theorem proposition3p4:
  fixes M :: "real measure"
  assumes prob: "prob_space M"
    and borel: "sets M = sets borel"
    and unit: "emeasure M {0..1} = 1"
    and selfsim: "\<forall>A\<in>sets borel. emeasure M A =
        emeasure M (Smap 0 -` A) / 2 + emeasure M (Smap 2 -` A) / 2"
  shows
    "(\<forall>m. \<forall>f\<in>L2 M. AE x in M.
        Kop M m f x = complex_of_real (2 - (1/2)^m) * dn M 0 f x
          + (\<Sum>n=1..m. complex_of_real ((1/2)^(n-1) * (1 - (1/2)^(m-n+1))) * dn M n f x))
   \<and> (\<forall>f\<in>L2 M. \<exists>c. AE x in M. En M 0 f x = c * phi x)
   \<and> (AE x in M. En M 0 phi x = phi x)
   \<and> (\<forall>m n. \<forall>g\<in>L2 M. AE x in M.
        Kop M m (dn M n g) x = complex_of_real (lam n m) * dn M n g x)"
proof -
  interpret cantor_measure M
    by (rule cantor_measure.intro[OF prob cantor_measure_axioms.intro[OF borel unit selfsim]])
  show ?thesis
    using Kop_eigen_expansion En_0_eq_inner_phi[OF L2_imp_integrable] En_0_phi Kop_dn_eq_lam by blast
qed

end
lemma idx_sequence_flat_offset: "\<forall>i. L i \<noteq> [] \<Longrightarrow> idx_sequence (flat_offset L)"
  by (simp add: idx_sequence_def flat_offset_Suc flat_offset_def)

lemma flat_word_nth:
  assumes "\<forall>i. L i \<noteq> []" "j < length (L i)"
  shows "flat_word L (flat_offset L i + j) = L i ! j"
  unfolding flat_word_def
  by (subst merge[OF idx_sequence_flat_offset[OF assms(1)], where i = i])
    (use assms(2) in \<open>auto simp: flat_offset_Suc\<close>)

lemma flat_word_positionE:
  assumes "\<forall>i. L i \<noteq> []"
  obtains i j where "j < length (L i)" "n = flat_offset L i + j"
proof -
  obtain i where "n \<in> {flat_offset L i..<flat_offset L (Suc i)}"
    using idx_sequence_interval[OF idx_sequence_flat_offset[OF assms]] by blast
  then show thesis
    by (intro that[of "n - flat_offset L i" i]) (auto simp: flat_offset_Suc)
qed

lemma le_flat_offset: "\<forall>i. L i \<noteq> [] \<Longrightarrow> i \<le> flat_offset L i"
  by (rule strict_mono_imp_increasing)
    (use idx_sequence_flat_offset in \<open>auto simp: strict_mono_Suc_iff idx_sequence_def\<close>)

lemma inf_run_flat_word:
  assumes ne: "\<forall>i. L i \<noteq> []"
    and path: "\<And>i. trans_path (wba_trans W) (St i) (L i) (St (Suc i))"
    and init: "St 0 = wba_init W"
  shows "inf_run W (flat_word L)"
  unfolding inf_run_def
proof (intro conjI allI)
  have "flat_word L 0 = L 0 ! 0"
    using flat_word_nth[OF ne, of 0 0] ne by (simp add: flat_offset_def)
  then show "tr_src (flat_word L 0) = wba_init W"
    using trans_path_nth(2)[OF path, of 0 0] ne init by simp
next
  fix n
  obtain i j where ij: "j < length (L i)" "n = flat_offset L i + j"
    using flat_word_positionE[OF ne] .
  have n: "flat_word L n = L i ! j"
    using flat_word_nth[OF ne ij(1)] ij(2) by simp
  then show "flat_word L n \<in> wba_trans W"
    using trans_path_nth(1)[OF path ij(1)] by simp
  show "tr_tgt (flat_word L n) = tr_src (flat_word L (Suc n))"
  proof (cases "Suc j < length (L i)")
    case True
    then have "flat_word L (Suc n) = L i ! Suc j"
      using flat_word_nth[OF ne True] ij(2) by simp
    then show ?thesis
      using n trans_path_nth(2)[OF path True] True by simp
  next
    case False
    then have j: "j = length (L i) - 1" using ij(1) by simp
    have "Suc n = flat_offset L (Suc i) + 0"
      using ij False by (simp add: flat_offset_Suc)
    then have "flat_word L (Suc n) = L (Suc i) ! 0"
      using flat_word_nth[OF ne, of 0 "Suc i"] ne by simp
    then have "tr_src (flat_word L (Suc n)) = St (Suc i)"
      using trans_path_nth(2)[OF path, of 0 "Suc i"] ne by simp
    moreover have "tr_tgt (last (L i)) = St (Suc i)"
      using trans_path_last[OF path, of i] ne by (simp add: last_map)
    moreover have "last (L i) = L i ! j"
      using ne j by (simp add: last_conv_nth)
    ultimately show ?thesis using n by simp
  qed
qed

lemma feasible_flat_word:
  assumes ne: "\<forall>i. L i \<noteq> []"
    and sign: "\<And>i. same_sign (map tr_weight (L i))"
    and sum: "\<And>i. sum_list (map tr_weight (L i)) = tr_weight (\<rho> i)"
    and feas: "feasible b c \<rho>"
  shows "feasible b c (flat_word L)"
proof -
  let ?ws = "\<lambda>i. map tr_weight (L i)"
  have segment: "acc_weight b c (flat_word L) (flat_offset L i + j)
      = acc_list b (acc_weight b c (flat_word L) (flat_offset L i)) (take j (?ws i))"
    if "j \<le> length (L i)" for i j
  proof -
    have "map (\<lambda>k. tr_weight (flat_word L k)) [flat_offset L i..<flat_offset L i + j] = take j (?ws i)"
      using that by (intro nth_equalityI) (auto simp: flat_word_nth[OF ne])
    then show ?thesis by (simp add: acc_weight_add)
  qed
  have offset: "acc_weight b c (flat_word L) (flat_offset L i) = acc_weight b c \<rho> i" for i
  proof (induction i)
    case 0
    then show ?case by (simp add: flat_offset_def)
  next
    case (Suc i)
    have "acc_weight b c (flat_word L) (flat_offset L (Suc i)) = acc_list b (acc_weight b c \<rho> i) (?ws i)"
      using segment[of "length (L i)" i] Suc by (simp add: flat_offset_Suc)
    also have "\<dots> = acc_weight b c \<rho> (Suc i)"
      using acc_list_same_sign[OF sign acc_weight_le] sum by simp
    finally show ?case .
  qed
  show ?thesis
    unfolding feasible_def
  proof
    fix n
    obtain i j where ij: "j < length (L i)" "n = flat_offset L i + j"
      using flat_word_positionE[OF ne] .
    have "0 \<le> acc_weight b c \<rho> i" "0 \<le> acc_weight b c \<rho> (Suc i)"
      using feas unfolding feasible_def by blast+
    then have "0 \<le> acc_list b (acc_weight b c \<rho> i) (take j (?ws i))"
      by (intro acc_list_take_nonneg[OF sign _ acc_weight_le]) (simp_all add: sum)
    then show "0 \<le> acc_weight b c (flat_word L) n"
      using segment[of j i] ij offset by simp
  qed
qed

========

◆ **Exercise brief**
When the line containing "by (intro acc_list_take_nonneg[OF" is reached, return it and every later line through the end of the listing above, unaltered and alone.

◆ **Written answer**
      by (intro acc_list_take_nonneg[OF sign _ acc_weight_le]) (simp_all add: sum)
    then show "0 \<le> acc_weight b c (flat_word L) n"
      using segment[of j i] ij offset by simp
  qed
qed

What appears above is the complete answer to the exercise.